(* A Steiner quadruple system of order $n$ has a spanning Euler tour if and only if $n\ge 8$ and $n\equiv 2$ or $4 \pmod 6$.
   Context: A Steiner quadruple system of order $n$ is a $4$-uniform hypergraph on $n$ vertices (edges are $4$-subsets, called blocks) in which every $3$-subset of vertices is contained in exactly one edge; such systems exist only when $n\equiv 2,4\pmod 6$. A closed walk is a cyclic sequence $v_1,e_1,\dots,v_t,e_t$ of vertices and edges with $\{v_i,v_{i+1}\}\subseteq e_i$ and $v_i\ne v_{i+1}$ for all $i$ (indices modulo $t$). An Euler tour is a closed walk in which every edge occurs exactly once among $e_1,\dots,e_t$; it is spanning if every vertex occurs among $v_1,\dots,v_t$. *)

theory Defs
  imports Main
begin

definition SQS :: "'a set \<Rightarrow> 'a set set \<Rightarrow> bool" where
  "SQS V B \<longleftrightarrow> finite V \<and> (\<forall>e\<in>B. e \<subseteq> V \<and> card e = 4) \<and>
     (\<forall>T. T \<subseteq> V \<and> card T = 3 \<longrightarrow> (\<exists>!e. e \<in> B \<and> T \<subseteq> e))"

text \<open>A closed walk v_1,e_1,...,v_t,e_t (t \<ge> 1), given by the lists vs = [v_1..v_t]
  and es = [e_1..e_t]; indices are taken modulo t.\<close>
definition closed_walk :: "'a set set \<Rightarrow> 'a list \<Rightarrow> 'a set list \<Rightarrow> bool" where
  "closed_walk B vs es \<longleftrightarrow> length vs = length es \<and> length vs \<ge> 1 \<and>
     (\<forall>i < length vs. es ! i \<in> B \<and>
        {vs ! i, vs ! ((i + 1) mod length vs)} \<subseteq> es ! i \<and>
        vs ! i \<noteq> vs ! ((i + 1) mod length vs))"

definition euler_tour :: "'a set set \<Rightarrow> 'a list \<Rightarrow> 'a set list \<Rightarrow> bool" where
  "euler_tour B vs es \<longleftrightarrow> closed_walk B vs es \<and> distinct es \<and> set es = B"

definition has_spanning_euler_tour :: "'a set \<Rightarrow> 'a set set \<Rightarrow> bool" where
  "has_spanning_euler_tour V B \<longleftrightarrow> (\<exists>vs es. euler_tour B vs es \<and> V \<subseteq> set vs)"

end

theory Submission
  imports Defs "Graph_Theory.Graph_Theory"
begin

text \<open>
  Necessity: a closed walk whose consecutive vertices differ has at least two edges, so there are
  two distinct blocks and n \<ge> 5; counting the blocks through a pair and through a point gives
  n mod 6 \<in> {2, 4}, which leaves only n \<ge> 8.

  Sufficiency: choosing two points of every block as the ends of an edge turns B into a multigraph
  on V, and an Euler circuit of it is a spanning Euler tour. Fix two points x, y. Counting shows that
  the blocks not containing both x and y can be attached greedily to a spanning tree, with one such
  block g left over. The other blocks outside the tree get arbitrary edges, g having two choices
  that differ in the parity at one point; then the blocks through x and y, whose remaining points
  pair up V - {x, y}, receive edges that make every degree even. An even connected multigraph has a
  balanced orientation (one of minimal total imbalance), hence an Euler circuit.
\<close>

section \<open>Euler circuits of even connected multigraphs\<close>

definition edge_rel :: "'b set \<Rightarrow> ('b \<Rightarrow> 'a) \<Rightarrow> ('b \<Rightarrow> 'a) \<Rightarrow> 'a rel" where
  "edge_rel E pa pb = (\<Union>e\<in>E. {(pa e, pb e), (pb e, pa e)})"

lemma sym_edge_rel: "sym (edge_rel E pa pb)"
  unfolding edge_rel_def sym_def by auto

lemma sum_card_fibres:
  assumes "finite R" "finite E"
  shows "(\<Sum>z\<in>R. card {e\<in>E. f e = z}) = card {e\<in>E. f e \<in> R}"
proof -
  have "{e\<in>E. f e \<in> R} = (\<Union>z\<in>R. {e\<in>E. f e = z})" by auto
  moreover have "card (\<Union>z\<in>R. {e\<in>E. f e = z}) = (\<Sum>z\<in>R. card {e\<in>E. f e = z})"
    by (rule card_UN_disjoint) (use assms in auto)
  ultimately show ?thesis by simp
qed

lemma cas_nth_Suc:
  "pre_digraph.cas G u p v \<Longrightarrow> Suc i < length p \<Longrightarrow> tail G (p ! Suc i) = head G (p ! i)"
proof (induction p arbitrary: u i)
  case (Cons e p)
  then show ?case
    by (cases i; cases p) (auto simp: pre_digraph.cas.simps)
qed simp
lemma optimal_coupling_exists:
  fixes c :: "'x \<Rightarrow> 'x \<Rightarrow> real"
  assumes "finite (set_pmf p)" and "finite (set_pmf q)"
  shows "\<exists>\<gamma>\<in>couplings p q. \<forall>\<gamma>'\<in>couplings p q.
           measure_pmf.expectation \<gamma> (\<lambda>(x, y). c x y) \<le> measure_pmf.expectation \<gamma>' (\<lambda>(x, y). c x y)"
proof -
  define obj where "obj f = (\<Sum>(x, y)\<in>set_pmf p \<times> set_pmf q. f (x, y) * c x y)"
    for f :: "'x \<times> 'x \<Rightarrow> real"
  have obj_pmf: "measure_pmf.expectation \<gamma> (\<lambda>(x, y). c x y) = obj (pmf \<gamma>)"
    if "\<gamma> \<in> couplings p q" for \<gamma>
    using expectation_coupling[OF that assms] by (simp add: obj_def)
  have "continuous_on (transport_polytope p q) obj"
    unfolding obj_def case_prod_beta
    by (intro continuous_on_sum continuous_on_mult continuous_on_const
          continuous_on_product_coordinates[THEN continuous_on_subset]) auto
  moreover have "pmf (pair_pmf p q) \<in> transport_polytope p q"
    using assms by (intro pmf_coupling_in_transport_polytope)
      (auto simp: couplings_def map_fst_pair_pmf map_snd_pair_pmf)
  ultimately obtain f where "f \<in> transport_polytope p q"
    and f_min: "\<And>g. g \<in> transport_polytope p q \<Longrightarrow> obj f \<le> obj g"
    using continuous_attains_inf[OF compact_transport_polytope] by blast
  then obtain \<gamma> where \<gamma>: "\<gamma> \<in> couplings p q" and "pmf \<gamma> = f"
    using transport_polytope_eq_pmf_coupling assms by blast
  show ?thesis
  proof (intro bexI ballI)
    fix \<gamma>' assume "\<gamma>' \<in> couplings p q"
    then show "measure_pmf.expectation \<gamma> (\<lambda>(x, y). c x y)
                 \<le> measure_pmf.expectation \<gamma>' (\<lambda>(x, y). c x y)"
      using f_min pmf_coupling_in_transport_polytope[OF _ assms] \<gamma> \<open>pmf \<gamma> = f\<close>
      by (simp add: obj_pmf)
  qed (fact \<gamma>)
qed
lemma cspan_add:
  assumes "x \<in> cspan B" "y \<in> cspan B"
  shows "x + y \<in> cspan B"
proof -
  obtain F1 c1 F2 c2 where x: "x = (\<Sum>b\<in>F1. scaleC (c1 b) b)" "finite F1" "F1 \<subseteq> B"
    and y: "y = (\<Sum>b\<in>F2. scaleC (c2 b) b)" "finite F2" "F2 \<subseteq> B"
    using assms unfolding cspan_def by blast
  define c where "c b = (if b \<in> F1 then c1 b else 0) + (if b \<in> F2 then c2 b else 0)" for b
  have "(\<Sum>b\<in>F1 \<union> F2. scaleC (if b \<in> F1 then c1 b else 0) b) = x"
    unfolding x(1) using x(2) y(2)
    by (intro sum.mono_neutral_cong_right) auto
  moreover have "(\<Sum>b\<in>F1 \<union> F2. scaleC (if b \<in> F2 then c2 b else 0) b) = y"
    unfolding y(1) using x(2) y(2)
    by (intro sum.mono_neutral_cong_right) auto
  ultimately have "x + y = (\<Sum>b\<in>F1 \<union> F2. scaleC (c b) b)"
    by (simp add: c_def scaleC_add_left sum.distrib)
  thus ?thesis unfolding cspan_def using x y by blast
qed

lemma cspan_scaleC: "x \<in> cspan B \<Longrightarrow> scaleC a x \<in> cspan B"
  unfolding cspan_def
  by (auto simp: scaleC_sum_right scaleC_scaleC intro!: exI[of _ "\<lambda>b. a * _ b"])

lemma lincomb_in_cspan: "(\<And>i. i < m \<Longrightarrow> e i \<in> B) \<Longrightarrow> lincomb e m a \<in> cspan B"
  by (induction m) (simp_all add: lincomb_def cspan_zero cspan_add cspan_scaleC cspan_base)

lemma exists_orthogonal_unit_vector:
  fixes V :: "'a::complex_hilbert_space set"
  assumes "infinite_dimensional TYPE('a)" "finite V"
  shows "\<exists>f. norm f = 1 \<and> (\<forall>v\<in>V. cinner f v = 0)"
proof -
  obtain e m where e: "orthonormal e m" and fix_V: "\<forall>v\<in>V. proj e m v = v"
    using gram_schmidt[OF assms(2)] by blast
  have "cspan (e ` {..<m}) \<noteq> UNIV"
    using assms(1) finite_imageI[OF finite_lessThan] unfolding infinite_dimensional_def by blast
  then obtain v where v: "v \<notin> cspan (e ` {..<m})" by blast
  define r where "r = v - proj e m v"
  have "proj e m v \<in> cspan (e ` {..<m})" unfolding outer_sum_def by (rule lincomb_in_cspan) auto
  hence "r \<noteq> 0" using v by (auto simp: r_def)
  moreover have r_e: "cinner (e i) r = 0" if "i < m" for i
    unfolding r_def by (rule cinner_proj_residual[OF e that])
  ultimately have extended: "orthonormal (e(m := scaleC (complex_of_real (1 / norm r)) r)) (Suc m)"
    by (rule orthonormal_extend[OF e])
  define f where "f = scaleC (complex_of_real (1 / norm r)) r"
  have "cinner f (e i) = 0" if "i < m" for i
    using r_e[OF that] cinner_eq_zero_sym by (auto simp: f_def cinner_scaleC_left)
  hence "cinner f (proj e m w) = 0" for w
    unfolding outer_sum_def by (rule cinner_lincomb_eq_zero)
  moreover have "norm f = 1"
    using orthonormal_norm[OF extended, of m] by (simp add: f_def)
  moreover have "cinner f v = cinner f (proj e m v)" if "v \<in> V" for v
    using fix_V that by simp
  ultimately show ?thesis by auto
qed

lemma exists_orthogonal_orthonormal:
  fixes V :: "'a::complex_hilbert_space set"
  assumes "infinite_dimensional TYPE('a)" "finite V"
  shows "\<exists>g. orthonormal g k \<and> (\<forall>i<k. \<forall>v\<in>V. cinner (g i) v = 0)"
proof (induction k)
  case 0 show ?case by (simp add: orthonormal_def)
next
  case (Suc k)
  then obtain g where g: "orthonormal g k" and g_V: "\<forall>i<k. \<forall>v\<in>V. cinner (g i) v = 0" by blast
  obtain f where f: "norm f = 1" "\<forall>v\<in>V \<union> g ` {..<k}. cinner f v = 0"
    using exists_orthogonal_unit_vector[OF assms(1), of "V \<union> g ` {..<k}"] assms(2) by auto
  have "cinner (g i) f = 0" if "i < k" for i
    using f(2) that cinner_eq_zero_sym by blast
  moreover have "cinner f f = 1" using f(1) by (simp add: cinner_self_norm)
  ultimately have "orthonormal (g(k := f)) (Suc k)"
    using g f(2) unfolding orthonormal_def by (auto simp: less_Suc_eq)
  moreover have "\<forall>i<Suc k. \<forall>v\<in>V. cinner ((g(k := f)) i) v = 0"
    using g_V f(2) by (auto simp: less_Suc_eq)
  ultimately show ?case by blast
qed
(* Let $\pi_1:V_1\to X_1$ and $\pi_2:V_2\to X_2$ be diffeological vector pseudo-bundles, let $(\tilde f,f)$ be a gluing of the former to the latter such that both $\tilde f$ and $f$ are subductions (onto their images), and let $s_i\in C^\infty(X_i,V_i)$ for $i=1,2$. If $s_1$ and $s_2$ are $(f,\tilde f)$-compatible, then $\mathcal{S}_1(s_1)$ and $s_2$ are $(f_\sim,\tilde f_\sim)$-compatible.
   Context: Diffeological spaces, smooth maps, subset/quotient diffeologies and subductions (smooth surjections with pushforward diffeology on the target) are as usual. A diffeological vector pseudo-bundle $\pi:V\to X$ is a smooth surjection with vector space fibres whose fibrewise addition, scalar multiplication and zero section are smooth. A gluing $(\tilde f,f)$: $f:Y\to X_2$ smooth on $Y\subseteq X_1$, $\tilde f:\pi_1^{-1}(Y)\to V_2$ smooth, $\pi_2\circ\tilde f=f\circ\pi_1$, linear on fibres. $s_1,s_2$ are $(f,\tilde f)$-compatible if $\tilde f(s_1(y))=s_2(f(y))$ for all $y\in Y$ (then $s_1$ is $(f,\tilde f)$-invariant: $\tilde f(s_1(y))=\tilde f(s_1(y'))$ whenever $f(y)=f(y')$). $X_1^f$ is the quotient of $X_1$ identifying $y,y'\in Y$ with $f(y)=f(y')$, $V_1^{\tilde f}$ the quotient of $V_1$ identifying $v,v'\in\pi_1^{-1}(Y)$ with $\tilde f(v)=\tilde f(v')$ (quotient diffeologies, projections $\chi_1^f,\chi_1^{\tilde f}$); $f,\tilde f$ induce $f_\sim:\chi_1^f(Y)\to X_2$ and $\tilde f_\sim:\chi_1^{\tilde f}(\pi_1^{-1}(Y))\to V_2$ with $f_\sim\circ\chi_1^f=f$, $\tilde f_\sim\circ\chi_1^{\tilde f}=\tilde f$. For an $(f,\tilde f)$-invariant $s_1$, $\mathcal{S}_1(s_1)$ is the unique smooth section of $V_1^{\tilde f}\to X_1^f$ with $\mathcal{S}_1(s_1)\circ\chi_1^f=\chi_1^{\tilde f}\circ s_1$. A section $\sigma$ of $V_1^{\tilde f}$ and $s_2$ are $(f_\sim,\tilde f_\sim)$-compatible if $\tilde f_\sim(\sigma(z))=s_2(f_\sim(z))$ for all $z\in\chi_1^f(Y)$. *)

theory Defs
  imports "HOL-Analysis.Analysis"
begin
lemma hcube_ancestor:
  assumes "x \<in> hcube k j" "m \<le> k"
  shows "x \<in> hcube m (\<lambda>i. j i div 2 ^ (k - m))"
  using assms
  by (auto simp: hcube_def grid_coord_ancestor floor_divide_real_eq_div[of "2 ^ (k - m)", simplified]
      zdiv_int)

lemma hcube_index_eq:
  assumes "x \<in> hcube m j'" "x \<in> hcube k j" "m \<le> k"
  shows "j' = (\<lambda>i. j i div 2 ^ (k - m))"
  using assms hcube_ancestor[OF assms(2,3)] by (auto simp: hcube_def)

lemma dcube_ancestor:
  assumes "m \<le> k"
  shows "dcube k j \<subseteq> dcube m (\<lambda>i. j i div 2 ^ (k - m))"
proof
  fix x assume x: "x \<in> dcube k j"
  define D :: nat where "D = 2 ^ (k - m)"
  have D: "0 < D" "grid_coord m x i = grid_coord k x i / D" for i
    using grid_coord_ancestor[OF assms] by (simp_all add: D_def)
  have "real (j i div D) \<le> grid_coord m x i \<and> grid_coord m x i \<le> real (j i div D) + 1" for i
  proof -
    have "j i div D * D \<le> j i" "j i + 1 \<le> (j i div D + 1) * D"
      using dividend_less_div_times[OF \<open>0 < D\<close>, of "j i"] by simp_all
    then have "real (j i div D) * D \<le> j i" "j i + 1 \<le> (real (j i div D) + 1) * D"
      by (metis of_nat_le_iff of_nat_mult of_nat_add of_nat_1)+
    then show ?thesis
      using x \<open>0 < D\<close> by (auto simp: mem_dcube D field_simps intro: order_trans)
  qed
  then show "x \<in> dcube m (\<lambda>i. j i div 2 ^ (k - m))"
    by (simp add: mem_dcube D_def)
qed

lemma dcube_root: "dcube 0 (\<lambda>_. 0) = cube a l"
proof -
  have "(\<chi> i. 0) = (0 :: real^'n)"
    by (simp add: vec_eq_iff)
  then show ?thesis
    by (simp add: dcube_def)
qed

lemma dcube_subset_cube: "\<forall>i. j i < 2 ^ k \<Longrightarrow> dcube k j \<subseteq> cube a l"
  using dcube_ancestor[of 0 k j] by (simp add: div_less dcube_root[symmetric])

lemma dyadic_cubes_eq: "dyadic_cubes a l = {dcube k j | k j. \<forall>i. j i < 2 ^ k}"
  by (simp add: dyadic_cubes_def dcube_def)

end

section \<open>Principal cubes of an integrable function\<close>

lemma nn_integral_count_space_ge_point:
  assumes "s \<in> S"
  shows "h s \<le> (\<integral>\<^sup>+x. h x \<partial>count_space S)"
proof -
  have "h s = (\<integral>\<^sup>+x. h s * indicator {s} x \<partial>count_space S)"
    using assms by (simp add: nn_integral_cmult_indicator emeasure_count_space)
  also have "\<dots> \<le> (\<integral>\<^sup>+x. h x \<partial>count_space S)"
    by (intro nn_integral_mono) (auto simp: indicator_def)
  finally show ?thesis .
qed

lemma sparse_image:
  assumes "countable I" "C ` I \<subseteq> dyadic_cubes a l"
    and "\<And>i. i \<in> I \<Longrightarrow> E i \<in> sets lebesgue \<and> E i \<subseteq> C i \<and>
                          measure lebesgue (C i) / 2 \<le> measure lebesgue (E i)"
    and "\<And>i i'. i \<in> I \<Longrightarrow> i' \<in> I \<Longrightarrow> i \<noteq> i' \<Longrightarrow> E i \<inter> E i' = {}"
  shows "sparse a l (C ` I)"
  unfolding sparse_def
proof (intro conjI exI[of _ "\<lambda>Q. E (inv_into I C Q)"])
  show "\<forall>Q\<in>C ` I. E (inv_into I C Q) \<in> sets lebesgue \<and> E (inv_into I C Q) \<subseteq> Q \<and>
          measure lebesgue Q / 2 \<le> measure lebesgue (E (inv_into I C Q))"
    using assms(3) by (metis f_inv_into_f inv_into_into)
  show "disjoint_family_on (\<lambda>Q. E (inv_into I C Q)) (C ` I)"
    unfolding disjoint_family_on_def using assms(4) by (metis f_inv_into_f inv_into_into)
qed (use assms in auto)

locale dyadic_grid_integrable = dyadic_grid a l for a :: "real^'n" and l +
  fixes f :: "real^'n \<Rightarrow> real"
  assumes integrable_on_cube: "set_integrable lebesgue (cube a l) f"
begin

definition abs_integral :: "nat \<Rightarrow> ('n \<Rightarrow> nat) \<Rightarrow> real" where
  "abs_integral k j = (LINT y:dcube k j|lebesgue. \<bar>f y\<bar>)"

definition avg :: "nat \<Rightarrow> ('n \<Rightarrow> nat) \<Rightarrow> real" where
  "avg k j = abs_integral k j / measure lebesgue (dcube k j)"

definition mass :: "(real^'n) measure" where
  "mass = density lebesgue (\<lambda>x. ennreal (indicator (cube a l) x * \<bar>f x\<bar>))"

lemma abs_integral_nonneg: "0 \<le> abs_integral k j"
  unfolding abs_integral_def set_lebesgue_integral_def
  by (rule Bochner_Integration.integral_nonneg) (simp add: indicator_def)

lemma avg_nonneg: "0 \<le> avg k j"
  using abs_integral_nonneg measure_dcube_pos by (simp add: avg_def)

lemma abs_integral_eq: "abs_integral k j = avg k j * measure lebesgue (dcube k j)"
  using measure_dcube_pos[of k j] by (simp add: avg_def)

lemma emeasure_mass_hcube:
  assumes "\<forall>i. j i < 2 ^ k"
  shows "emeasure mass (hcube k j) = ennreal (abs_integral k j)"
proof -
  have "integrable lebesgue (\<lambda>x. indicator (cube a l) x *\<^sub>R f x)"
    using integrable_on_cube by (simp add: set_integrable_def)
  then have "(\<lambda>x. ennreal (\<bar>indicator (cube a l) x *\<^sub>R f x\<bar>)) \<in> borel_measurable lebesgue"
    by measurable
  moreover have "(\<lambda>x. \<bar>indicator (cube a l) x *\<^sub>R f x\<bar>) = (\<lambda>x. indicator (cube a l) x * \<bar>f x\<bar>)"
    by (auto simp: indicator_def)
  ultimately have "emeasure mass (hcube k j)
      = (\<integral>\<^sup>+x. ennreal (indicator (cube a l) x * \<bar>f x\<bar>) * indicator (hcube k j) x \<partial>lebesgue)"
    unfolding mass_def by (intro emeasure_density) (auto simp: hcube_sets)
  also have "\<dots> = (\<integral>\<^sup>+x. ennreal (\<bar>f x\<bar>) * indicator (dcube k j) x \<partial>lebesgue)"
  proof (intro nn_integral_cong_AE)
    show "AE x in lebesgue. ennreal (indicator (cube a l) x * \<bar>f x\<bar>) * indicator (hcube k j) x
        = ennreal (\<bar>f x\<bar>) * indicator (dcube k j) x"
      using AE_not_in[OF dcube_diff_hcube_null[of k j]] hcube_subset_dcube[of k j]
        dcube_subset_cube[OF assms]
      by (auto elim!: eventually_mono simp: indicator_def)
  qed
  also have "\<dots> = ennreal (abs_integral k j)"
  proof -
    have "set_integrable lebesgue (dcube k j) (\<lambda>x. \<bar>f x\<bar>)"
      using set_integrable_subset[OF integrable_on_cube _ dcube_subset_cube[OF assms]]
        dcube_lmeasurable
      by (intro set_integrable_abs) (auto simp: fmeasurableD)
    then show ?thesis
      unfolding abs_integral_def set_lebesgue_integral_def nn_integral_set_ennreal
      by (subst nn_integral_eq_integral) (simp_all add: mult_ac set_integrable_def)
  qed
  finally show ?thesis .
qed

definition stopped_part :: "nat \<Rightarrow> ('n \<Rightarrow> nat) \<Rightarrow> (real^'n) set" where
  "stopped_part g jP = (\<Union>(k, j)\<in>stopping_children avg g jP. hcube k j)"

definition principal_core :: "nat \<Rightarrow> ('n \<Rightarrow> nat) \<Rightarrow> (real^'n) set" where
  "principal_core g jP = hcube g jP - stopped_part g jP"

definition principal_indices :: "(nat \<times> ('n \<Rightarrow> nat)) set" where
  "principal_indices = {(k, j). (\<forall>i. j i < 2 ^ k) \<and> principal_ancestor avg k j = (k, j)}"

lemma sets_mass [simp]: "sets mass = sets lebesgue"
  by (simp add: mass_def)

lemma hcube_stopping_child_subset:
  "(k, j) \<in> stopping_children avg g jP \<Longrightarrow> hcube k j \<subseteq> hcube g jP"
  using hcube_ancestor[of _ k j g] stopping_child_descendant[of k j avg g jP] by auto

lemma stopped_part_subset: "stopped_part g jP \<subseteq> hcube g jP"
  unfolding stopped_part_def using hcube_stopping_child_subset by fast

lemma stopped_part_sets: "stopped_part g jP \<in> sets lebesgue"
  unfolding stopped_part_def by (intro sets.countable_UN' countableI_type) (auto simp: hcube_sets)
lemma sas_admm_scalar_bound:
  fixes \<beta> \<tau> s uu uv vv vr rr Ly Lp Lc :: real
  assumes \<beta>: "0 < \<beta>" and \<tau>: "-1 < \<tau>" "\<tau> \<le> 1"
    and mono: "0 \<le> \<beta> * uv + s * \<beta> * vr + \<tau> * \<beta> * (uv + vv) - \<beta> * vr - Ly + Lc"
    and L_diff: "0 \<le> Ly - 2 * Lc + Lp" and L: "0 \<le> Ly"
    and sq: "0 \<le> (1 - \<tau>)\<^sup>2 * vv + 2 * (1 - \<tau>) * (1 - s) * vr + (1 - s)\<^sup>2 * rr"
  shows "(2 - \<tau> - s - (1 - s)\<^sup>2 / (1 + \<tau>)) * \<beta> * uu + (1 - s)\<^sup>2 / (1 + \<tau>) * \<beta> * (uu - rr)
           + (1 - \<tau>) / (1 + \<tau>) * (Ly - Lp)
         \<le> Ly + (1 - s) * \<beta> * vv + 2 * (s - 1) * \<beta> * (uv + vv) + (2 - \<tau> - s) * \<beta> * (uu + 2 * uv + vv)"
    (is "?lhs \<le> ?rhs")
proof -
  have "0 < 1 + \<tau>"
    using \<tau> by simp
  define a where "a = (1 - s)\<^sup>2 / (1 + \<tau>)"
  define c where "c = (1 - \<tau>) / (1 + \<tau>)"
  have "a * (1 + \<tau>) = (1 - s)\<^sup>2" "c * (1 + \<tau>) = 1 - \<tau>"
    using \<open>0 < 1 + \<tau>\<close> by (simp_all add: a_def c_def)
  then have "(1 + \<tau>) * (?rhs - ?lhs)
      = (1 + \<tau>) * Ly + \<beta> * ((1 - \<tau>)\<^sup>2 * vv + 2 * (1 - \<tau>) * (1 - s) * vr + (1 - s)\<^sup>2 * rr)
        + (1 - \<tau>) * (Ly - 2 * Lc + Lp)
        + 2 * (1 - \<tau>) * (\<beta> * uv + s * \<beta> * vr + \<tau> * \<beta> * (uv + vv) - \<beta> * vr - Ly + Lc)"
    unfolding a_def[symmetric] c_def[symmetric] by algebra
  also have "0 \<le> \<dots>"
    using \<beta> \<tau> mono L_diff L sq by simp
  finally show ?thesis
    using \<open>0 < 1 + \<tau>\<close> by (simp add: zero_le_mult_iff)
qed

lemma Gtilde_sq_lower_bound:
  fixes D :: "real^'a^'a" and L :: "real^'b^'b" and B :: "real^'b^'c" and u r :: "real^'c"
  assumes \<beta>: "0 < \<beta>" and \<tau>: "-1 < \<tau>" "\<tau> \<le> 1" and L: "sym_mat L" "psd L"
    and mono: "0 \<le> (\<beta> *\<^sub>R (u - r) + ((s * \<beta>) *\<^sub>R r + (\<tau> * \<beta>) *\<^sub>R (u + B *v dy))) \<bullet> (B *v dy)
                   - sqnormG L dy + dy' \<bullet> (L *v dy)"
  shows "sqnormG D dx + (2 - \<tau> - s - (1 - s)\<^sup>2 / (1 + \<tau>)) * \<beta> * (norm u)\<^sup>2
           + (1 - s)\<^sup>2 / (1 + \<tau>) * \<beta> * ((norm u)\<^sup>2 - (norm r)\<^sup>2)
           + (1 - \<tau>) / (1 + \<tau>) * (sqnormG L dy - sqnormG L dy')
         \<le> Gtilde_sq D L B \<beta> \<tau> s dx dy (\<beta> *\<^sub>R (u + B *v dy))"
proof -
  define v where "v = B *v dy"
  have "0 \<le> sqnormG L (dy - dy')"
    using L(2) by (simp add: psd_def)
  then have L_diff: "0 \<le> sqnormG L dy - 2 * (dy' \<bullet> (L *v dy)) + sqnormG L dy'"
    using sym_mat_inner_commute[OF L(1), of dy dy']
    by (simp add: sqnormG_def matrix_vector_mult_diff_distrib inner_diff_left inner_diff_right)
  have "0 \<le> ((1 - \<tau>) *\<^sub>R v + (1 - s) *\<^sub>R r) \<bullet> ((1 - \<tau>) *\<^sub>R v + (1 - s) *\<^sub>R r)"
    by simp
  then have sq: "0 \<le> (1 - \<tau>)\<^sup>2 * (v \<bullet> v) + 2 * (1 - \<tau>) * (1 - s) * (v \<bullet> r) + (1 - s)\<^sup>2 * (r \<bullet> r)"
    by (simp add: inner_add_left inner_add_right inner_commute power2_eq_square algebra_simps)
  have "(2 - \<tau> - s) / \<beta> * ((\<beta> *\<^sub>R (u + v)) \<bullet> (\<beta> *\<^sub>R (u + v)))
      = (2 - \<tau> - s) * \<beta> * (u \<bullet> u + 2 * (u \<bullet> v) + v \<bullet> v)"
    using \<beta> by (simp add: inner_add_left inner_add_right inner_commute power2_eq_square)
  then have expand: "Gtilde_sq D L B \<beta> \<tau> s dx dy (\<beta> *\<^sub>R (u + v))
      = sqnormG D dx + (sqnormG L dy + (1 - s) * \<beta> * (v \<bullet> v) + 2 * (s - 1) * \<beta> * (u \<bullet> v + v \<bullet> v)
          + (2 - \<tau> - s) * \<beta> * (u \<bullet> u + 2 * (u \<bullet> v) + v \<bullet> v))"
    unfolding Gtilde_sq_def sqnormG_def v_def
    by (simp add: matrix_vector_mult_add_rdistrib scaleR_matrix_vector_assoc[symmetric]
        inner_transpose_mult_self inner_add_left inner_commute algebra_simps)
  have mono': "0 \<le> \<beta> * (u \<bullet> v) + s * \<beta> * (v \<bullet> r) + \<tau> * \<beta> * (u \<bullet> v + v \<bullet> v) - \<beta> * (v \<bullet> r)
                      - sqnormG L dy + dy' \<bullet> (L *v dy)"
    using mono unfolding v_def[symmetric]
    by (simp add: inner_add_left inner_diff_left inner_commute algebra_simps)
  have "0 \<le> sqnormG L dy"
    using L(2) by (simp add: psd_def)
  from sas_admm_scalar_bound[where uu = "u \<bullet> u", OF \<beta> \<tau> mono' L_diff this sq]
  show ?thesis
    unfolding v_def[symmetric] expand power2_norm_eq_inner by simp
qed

* * *

◆ EXERCISE DETAILS: Of the entries above, transcribe exactly those lines that fall between the line containing "mass = sets" and the line containing "using hcube_ancestor[of _", together with those two lines.

◆ EXERCISE SOLUTION:
lemma sets_mass [simp]: "sets mass = sets lebesgue"
  by (simp add: mass_def)

lemma hcube_stopping_child_subset:
  "(k, j) \<in> stopping_children avg g jP \<Longrightarrow> hcube k j \<subseteq> hcube g jP"
  using hcube_ancestor[of _ k j g] stopping_child_descendant[of k j avg g jP] by auto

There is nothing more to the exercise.